### Task instructions
From the records below, copy each line in which the string "ultimately" occurs.

....

(* Let $f:\mathbb{R}^d \to \mathbb{R}$ be concave, with hypograph $f^- = \{(u;z) \in \mathbb{R}^{d+1} : z \leq f(u)\}$. Let $x \in f^-$ and $\lambda \geq 0$. Then for all $y \in M^{\lambda}_{f^-}(x)$ with $y \in f^-$, $$(1 - \lambda)\cdot \mathrm{ray}_{f^-}(x) \leq \mathrm{ray}_{f^-}(y) \leq (1 + \lambda)\cdot \mathrm{ray}_{f^-}(x).$$
   Context: For a point $w = (u;z) \in f^-$, the ray distance $\mathrm{ray}_{f^-}(w) = f(u) - z$ is the length of the segment from $w$ vertically upward (in the direction of the last coordinate) to the boundary of $f^-$. For a convex set $K$, $p \in K$ and $\lambda \geq 0$, the $\lambda$-scaled Macbeath region is $M^{\lambda}_K(p) = p + \lambda\big((K - p) \cap (p - K)\big)$. *)

theory Defs
  imports "HOL-Analysis.Analysis"
begin

text \<open>Points of R^(d+1) are represented as pairs (u, z) with u in R^d and z in R.\<close>

definition hypo :: "((real^'n) \<Rightarrow> real) \<Rightarrow> ((real^'n) \<times> real) set"
  where "hypo f = {w. snd w \<le> f (fst w)}"

definition ray_dist :: "((real^'n) \<Rightarrow> real) \<Rightarrow> (real^'n) \<times> real \<Rightarrow> real"
  where "ray_dist f w = f (fst w) - snd w"

definition macbeath :: "'a::real_vector set \<Rightarrow> real \<Rightarrow> 'a \<Rightarrow> 'a set"
  where "macbeath K lam p =
     (\<lambda>q. p + lam *\<^sub>R q) ` ((\<lambda>k. k - p) ` K \<inter> (\<lambda>k. p - k) ` K)"

end

theory Submission
  imports Defs
begin

text \<open>The ray distance is the concave function g(u, z) = f u - z, and the hypograph is its
  superlevel set {g \<ge> 0}. If x \<plusminus> q lie in this set and y = x + \<lambda>q, then x is the
  convex combination (y + \<lambda>(x - q)) / (1 + \<lambda>), which gives g y \<le> (1 + \<lambda>) g x.
  For \<lambda> \<le> 1, y is the convex combination (1 - \<lambda>) x + \<lambda> (x + q), which gives
  g y \<ge> (1 - \<lambda>) g x; for \<lambda> > 1 that bound is trivial, its left side being nonpositive.\<close>

lemma mem_macbeath_iff:
  "y \<in> macbeath K lam p \<longleftrightarrow> (\<exists>q. p + q \<in> K \<and> p - q \<in> K \<and> y = p + lam *\<^sub>R q)"
proof
  assume "y \<in> macbeath K lam p"
  then obtain k k' where "k \<in> K" "k' \<in> K" "k - p = p - k'" "y = p + lam *\<^sub>R (k - p)"
    unfolding macbeath_def by auto
  moreover have "p + (k - p) = k" by simp
  moreover from \<open>k - p = p - k'\<close> have "p - (k - p) = k'"
    by (simp add: algebra_simps)
  ultimately show "\<exists>q. p + q \<in> K \<and> p - q \<in> K \<and> y = p + lam *\<^sub>R q"
    by metis
next
  assume "\<exists>q. p + q \<in> K \<and> p - q \<in> K \<and> y = p + lam *\<^sub>R q"
  then obtain q where "p + q \<in> K" "p - q \<in> K" "y = p + lam *\<^sub>R q" by blast
  moreover have "q = (p + q) - p" "q = p - (p - q)" by simp_all
  ultimately have "q \<in> (\<lambda>k. k - p) ` K \<inter> (\<lambda>k. p - k) ` K" by blast
  with \<open>y = p + lam *\<^sub>R q\<close> show "y \<in> macbeath K lam p"
    unfolding macbeath_def by blast
qed

lemma concave_step_upper_bound:
  fixes g :: "'a::real_vector \<Rightarrow> real"
  assumes "concave_on UNIV g" and "lam \<ge> 0" and "g (x - q) \<ge> 0"
  shows "g (x + lam *\<^sub>R q) \<le> (1 + lam) * g x"
proof -
  define t where "t = lam / (1 + lam)"
  have t: "0 \<le> t" "t \<le> 1" "1 - t = 1 / (1 + lam)"
    using assms(2) by (auto simp: t_def field_simps)
  have coeffs: "(1 + lam) * (1 - t) = 1" "(1 + lam) * t = lam"
    using assms(2) by (simp_all add: t_def field_simps)
  have "(1 + lam) *\<^sub>R ((1 - t) *\<^sub>R (x + lam *\<^sub>R q) + t *\<^sub>R (x - q))
      = (x + lam *\<^sub>R q) + lam *\<^sub>R (x - q)"
    by (simp only: scaleR_add_right[of "1 + lam"] scaleR_scaleR coeffs scaleR_one)
  also have "\<dots> = (1 + lam) *\<^sub>R x"
    by (simp add: algebra_simps)
  finally have "(1 - t) *\<^sub>R (x + lam *\<^sub>R q) + t *\<^sub>R (x - q) = x"
    using assms(2) by simp
  then have "(1 - t) * g (x + lam *\<^sub>R q) + t * g (x - q) \<le> g x"
    using concave_onD[OF assms(1) t(1,2)] by (metis UNIV_I)
  moreover have "t * g (x - q) \<ge> 0"
    using t(1) assms(3) by simp
  ultimately have "g (x + lam *\<^sub>R q) / (1 + lam) \<le> g x"
    by (simp add: t(3))
  then show ?thesis
    using assms(2) by (simp add: divide_le_eq mult.commute)
qed

lemma concave_step_lower_bound:
  fixes g :: "'a::real_vector \<Rightarrow> real"
  assumes "concave_on UNIV g" and "lam \<ge> 0"
    and "g x \<ge> 0" and "g (x + q) \<ge> 0" and "g (x + lam *\<^sub>R q) \<ge> 0"
  shows "(1 - lam) * g x \<le> g (x + lam *\<^sub>R q)"
proof (cases "lam \<le> 1")
  case True
  have "(1 - lam) *\<^sub>R x + lam *\<^sub>R (x + q) = x + lam *\<^sub>R q"
    by (simp add: algebra_simps)
  then have "(1 - lam) * g x + lam * g (x + q) \<le> g (x + lam *\<^sub>R q)"
    using concave_onD[OF assms(1) assms(2) True] by (metis UNIV_I)
  moreover have "lam * g (x + q) \<ge> 0"
    using assms(2,4) by simp
  ultimately show ?thesis by linarith
next
  case False
  then have "(1 - lam) * g x \<le> 0"
    using assms(3) by (simp add: mult_nonpos_nonneg)
  with assms(5) show ?thesis by linarith
qed

lemma concave_superlevel_macbeath_bounds:
  fixes g :: "'a::real_vector \<Rightarrow> real"
  assumes "concave_on UNIV g" and "lam \<ge> 0"
    and "x \<in> {w. g w \<ge> 0}" and "y \<in> macbeath {w. g w \<ge> 0} lam x" and "y \<in> {w. g w \<ge> 0}"
  shows "(1 - lam) * g x \<le> g y \<and> g y \<le> (1 + lam) * g x"
proof -
  obtain q where "g (x + q) \<ge> 0" "g (x - q) \<ge> 0" "y = x + lam *\<^sub>R q"
    using assms(4) unfolding mem_macbeath_iff by auto
  then show ?thesis
    using assms concave_step_lower_bound concave_step_upper_bound by auto
qed

lemma concave_on_ray_dist:
  assumes "concave_on UNIV f"
  shows "concave_on UNIV (ray_dist f)"
proof -
  have "concave_on UNIV (\<lambda>w. f (fst w))"
    using assms by (simp add: concave_on_iff)
  moreover have "convex_on UNIV (snd :: (real^'n) \<times> real \<Rightarrow> real)"
    by (simp add: convex_on_def)
  ultimately show ?thesis
    unfolding ray_dist_def[abs_def] by (rule concave_on_diff)
qed

lemma hypo_eq_ray_dist_nonneg: "hypo f = {w. ray_dist f w \<ge> 0}"
  by (auto simp: hypo_def ray_dist_def)

theorem lemma10:
  fixes f :: "real^'n \<Rightarrow> real" and x y :: "(real^'n) \<times> real" and lam :: real
  assumes "concave_on UNIV f"
    and "x \<in> hypo f"
    and "lam \<ge> 0"
    and "y \<in> macbeath (hypo f) lam x"
    and "y \<in> hypo f"
  shows "(1 - lam) * ray_dist f x \<le> ray_dist f y \<and> ray_dist f y \<le> (1 + lam) * ray_dist f x"
  using concave_superlevel_macbeath_bounds[OF concave_on_ray_dist[OF assms(1)] assms(3)]
    assms(2,4,5) unfolding hypo_eq_ray_dist_nonneg by blast

end
(* Consider a run of Algorithm 1 (described in the context) on the one-dimensional corrupted problem with absolute loss. For any interval $I_j$ appearing in the partition during the run: if $I_j$ is marked dubious, then $I_j$ is bisected after $O(\log T)$ queries on $I_j$; if $I_j$ is not marked dubious, then $I_j$ is bisected after $O(1)$ queries on $I_j$. Here a query on $I_j$ is a round in which $I_j$ is the partition interval containing the context, and the constants in $O(\cdot)$ are absolute.
   Context: Problem. Fix $L>0$ and $T\ge 2$. An adversary fixes an unknown $L$-Lipschitz $f:[0,1]\to[0,L]$. In each round $t=1,\dots,T$: the adversary chooses $x_t\in[0,1]$; the learner observes $x_t$ and guesses $q_t$; the adversary observes $q_t$ and sends $\sigma_t\in\{0,1\}$, equal to $\sigma(q_t-f(x_t))$ in uncorrupted rounds and $1-\sigma(q_t-f(x_t))$ in corrupted rounds, where $\sigma(u)=1$ if $u>0$ and $0$ if $u\le 0$; the adversary chooses adaptively which rounds to corrupt, at most $C$ in total ($C$ unknown to the learner). $\mathtt{len}(I)$ is the length of an interval $I$. $\mathtt{MidpointQuery}(I,Y)$, $Y=[a,b]$: guess $q=(a+b)/2$; if $\sigma_t=1$ return $Y\cap[0,q+L\,\mathtt{len}(I)]$, if $\sigma_t=0$ return $Y\cap[q-L\,\mathtt{len}(I),L]$. Algorithm 1. Maintain a partition of $[0,1]$ into intervals; each $I_j$ carries a checking interval $S_j$, range $Y_j$, and a "dubious" flag (initially unset). Initially: $8$ intervals of length $1/8$, each with $S_j=Y_j=[0,L]$. In round $t$, with $I_j$ the partition interval containing $x_t$: (i) if some endpoint of $S_j$ has not been guessed in a round whose context lay in $I_j$, guess such an endpoint; if the guess was $\min(S_j)$ with $\sigma_t=1$ or $\max(S_j)$ with $\sigma_t=0$, mark $I_j$ dubious; once both endpoints have been queried, set $Y_j=[0,L]$ if dubious and otherwise $Y_j=[\min(S_j)-L\,\mathtt{len}(I_j),\max(S_j)+L\,\mathtt{len}(I_j)]\cap[0,L]$. (ii) Otherwise set $Y_j:=\mathtt{MidpointQuery}(I_j,Y_j)$; if then $\mathtt{len}(Y_j)<\max(4L\,\mathtt{len}(I_j),4L/T)$, bisect $I_j$ into its two halves, which replace it, each with checking interval equal to the current $Y_j$ (endpoints unqueried, not dubious). *)

theory Defs
  imports "HOL-Analysis.Analysis"
begin
text \<open>With \<open>u\<^sub>k\<^sub>j = b\<^sub>k\<^sub>j \<otimes> b\<^sub>k\<^sub>j\<close> the Gram potential is \<open>MUB_sum_inner_pow4\<close>, and the number
  \<open>k\<^sub>F(m)\<close> of bases is what makes it agree with the other two potentials of
  \<open>frame_operator_eqI\<close>.\<close>
lemma maximal_MUB_fourth_moment:
  fixes B :: "'k \<Rightarrow> nat \<Rightarrow> cvec"
  assumes MUB: "maximal_MUB_set realF m K B" and m: "0 < m" "realF \<Longrightarrow> even m"
    and abcd: "a < m" "b < m" "c < m" "d < m"
  shows "(\<Sum>k\<in>K. \<Sum>j<m. B k j a * cnj (B k j c) * (B k j b * cnj (B k j d)))
         = iso_tensor (mub_\<alpha> realF) (mub_\<alpha> realF) (mub_\<gamma> realF) a b c d"
proof -
  let ?\<alpha> = "mub_\<alpha> realF" and ?\<gamma> = "mub_\<gamma> realF"
  define D where "D = {..<m} \<times> {..<m}"
  define u where "u = (\<lambda>(k, j) (a::nat, b::nat). B k j a * B k j b)"
  define R where "R = (\<lambda>(a, b) (c, d). iso_tensor ?\<alpha> ?\<alpha> ?\<gamma> a b c d)"
  define s where "s = of_nat (card K) * of_nat m * (2 * ?\<alpha> + ?\<gamma>)"
  have MUB': "MUB_set realF m K B" and finK: "finite K" and cK: "card K = kF realF m"
    using MUB unfolding maximal_MUB_set_def by blast+
  have s_eq: "of_nat (card K) * (of_nat m + of_nat (card K) - 1) = s"
    "of_nat m ^ 2 * (?\<alpha> * cnj ?\<alpha> + ?\<alpha> * cnj ?\<alpha> + ?\<gamma> * cnj ?\<gamma>)
      + of_nat m * (?\<alpha> * cnj ?\<alpha> + ?\<alpha> * cnj ?\<alpha> + ?\<alpha> * cnj ?\<gamma> + ?\<gamma> * cnj ?\<alpha> + ?\<alpha> * cnj ?\<gamma> + ?\<gamma> * cnj ?\<alpha>) = s"
    unfolding s_def cK using mub_potentials_agree[OF m(2)] by simp_all
  have gram_entry: "(\<Sum>x\<in>D. u (k, j) x * cnj (u (k', j') x)) * cnj (\<Sum>x\<in>D. u (k, j) x * cnj (u (k', j') x))
      = complex_of_real ((cmod (inner_F m (B k j) (B k' j'))) ^ 4)" for k j k' j'
  proof -
    let ?z = "inner_F m (B k j) (B k' j')"
    have "(\<Sum>x\<in>D. u (k, j) x * cnj (u (k', j') x)) = ?z * ?z"
      unfolding D_def u_def inner_F_def by (simp add: sum.cartesian_product' sum_product mult_ac)
    then have "(\<Sum>x\<in>D. u (k, j) x * cnj (u (k', j') x)) * cnj (\<Sum>x\<in>D. u (k, j) x * cnj (u (k', j') x))
       = (?z * cnj ?z) ^ 2"
      by (simp only: complex_cnj_mult power2_eq_square mult_ac)
    also have "\<dots> = complex_of_real ((cmod ?z)\<^sup>2) ^ 2"
      by (simp only: complex_norm_square)
    finally show ?thesis
      by simp
  qed
  have gram: "(\<Sum>i\<in>K \<times> {..<m}. \<Sum>i'\<in>K \<times> {..<m}.
      (\<Sum>x\<in>D. u i x * cnj (u i' x)) * cnj (\<Sum>x\<in>D. u i x * cnj (u i' x))) = s"
    using MUB_sum_inner_pow4[OF MUB' finK m(1)] s_eq(1)
    unfolding sum.cartesian_product' gram_entry of_real_sum[symmetric] by simp
  have "(\<Sum>x\<in>D. \<Sum>y\<in>D. cnj (u (k, j) x) * R x y * u (k, j) y) = 2 * ?\<alpha> + ?\<gamma>"
    if kj: "k \<in> K" "j < m" for k j
  proof -
    have onb: "orthonormal_basis realF m (B k)"
      using MUB' kj(1) unfolding MUB_set_def by blast
    have unit: "(\<Sum>a<m. B k j a * cnj (B k j a)) = 1"
      using orthonormal_basis_inner[OF onb kj(2) kj(2)] by simp
    have real: "?\<gamma> \<noteq> 0 \<Longrightarrow> \<forall>a<m. cnj (B k j a) = B k j a"
      using onb kj(2) unfolding mub_\<gamma>_def orthonormal_basis_def in_F_def
      by (auto simp: Reals_cnj_iff split: if_splits)
    show ?thesis
      using iso_tensor_quad_form[of "B k j" m ?\<gamma> ?\<alpha> ?\<alpha>, OF unit real]
      unfolding D_def sum.cartesian_product' u_def R_def by simp
  qed
  then have quad: "(\<Sum>i\<in>K \<times> {..<m}. \<Sum>x\<in>D. \<Sum>y\<in>D. cnj (u i x) * R x y * u i y) = s"
    unfolding s_def sum.cartesian_product' by simp
  have norm: "(\<Sum>x\<in>D. \<Sum>y\<in>D. R x y * cnj (R x y)) = s"
    unfolding D_def sum.cartesian_product' R_def using iso_tensor_frobenius_norm s_eq(2) by simp
  have "s \<in> \<real>"
    unfolding s_def mub_\<alpha>_def mub_\<gamma>_def by simp
  moreover have "(a, b) \<in> D" "(c, d) \<in> D"
    using abcd unfolding D_def by auto
  ultimately have "(\<Sum>i\<in>K \<times> {..<m}. u i (a, b) * cnj (u i (c, d))) = R (a, b) (c, d)"
    using frame_operator_eqI[OF _ _ gram quad norm] unfolding D_def by blast
  then show ?thesis
    unfolding sum.cartesian_product' u_def R_def by (simp add: mult_ac)
qed
(* Under the hypotheses below, assume moreover (UPS): whenever $(x_n)\subset\mathcal{M}$ and $\beta_n\to+\infty$ satisfy $J_{\beta_n}(x_n)\to c_\infty$ and $J_{\beta_n}(\eta_{\beta_n}(x_n))\to c_\infty$, there exists $\bar x\in\mathcal{M}$ such that, up to a subsequence, $x_n\to\bar x$ and $\eta_{\beta_n}(x_n)\to\bar x$. Then $\mathcal{C}_*\cap\mathcal{K}_\infty\neq\emptyset$. More precisely, for every sequence $\beta_n\to+\infty$ and $A_n\in\mathcal{F}$ optimal for $J_{\beta_n}$ at $c_{\beta_n}$, there exists $\bar x\in\mathcal{C}_*\cap\mathcal{K}_\infty\cap\limsup_nA_n$.
   Context: Hypotheses: $(\mathcal{M},\mathrm{dist})$ is a metric space, $\mathcal{F}\subset2^{\mathcal{M}}$; $J_\beta:\mathcal{M}\to\mathbb{R}\cup\{+\infty\}$, $0<\beta<+\infty$, are lower semi-continuous with $J_{\beta_1}\le J_{\beta_2}$ for $\beta_1\le\beta_2$; $J_\infty=\sup_{\beta>0}J_\beta$; $c_\beta=\inf_{A\in\mathcal{F}}\sup_AJ_\beta\in\mathbb{R}$ for all $0<\beta\le+\infty$; every $A\in\mathcal{F}$ is closed; for every $(A_n)\subset\mathcal{F}$ such that for some $\beta$, $A_n\subset\mathcal{M}^{c_\infty+1}_\beta:=\{J_\beta\le c_\infty+1\}$ for all $n$, $\limsup_nA_n\in\mathcal{F}$ (here $\limsup_nA_n$ is the set of limits of sequences $x_{n_j}\in A_{n_j}$, $n_j\to\infty$); for each $0<\beta\le+\infty$ a map $\eta_\beta:\mathcal{M}^{c_\infty+1}_\beta\to\mathcal{M}^{c_\infty+1}_\beta$ with $\eta_\beta(A)\in\mathcal{F}$ whenever $A\in\mathcal{F}$, $A\subset\mathcal{M}^{c_\infty+1}_\beta$, and $J_\beta(\eta_\beta(x))\le J_\beta(x)$; and for each $0<\beta\le+\infty$, every sequence $x_n$ with $J_\beta(x_n)\to c_\beta$, $J_\beta(\eta_\beta(x_n))\to c_\beta$ has a subsequence converging to a point of $\mathcal{K}_\beta=\{x:J_\beta(x)=J_\beta(\eta_\beta(x))=c_\beta\}$. A set $A$ is optimal for $J$ at $c$ if $A\in\mathcal{F}$ and $\sup_AJ=c$. $\mathcal{C}_*$ is the set of $x\in\mathcal{M}$ for which there are $(x_n)\subset\mathcal{M}$, $\beta_n\to+\infty$ with $x_n\to x$, $J_{\beta_n}(x_n)\to c_\infty$ and $J_{\beta_n}(\eta_{\beta_n}(x_n))\to c_\infty$. *)

theory Defs
  imports "HOL-Analysis.Analysis"
begin

definition lsc :: "('a::topological_space \<Rightarrow> ereal) \<Rightarrow> bool" where
  "lsc f \<longleftrightarrow> (\<forall>t. open {x. t < f x})"

definition Jinf :: "(real \<Rightarrow> 'a \<Rightarrow> ereal) \<Rightarrow> 'a \<Rightarrow> ereal" where
  "Jinf J x = (SUP \<beta>\<in>{0<..}. J \<beta> x)"

definition minimax :: "'a set set \<Rightarrow> ('a \<Rightarrow> ereal) \<Rightarrow> ereal" where
  "minimax F f = (INF A\<in>F. SUP x\<in>A. f x)"

definition optimal :: "'a set set \<Rightarrow> ('a \<Rightarrow> ereal) \<Rightarrow> ereal \<Rightarrow> 'a set \<Rightarrow> bool" where
  "optimal F f c A \<longleftrightarrow> A \<in> F \<and> (SUP x\<in>A. f x) = c"

text \<open>Kuratowski upper limit: limits of sequences x_j in A_(n_j), n_j tending to infinity.\<close>
definition seq_limsup :: "(nat \<Rightarrow> 'a::topological_space set) \<Rightarrow> 'a set" where
  "seq_limsup A = {x. \<exists>r y. filterlim r at_top at_top \<and> (\<forall>j. y j \<in> A (r j)) \<and> y \<longlonglongrightarrow> x}"

definition Kset :: "('a \<Rightarrow> ereal) \<Rightarrow> ('a \<Rightarrow> 'a) \<Rightarrow> ereal \<Rightarrow> 'a set" where
  "Kset f \<eta> c = {x. f x = c \<and> f (\<eta> x) = c}"

definition Cstar :: "(real \<Rightarrow> 'a \<Rightarrow> ereal) \<Rightarrow> (real \<Rightarrow> 'a \<Rightarrow> 'a) \<Rightarrow> ereal \<Rightarrow> 'a::topological_space set" where
  "Cstar J \<eta> cinf = {x. \<exists>xs \<beta>s. (\<forall>n. 0 < \<beta>s n) \<and> filterlim \<beta>s at_top sequentially \<and>
       xs \<longlonglongrightarrow> x \<and> (\<lambda>n. J (\<beta>s n) (xs n)) \<longlonglongrightarrow> cinf \<and>
       (\<lambda>n. J (\<beta>s n) (\<eta> (\<beta>s n) (xs n))) \<longlonglongrightarrow> cinf}"

end

theory Submission
  imports Defs
begin

text \<open>Deforming the optimal sets \<open>A\<^sub>n\<close> by \<open>\<eta>\<^sub>\<beta>\<^sub>n\<close> keeps them in \<open>F\<close> and below \<open>c\<^sub>\<infinity>\<close>; their
  upper limit \<open>S\<close> is then again in \<open>F\<close>, and by lower semicontinuity and monotonicity in \<open>\<beta>\<close>
  it lies in \<open>{J\<^sub>\<infinity> \<le> c\<^sub>\<infinity>}\<close>. Since \<open>\<eta>\<^sub>\<infinity> S \<in> F\<close>, the Palais-Smale condition for \<open>J\<^sub>\<infinity>\<close> yields a
  point \<open>x\<close> of \<open>K\<^sub>\<infinity> \<inter> S\<close>. Writing \<open>x\<close> as a limit of \<open>\<eta>\<^sub>\<beta>\<^sub>n(x\<^sub>n)\<close> with \<open>x\<^sub>n \<in> A\<^sub>n\<close>, both
  \<open>J\<^sub>\<beta>\<^sub>n(x\<^sub>n)\<close> and \<open>J\<^sub>\<beta>\<^sub>n(\<eta>\<^sub>\<beta>\<^sub>n(x\<^sub>n))\<close> are squeezed to \<open>c\<^sub>\<infinity>\<close>, so (UPS) makes \<open>x\<^sub>n\<close> converge to \<open>x\<close>
  as well; hence \<open>x \<in> C\<^sub>* \<inter> limsup A\<^sub>n\<close>. Optimal sets exist for every \<open>\<beta>\<close> because the upper limit
  of a minimising sequence in \<open>F\<close> is again in \<open>F\<close>.\<close>

lemma lsc_le_Liminf:
  assumes "lsc f" and "y \<longlonglongrightarrow> x"
  shows "f x \<le> Liminf sequentially (\<lambda>j. f (y j))"
  unfolding le_Liminf_iff
proof (intro allI impI)
  fix t assume "t < f x"
  moreover have "open {z. t < f z}"
    using assms(1) unfolding lsc_def by blast
  ultimately have "eventually (\<lambda>j. y j \<in> {z. t < f z}) sequentially"
    by (intro topological_tendstoD[OF assms(2)]) auto
  then show "eventually (\<lambda>j. t < f (y j)) sequentially"
    by simp
qed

....

### Expected answer
  ultimately show "\<exists>q. p + q \<in> K \<and> p - q \<in> K \<and> y = p + lam *\<^sub>R q"
  ultimately have "q \<in> (\<lambda>k. k - p) ` K \<inter> (\<lambda>k. p - k) ` K" by blast
  ultimately have "g (x + lam *\<^sub>R q) / (1 + lam) \<le> g x"
  ultimately show ?thesis by linarith
  ultimately show ?thesis
  ultimately have "(\<Sum>i\<in>K \<times> {..<m}. u i (a, b) * cnj (u i (c, d))) = R (a, b) (c, d)"
  ultimately have "eventually (\<lambda>j. y j \<in> {z. t < f z}) sequentially"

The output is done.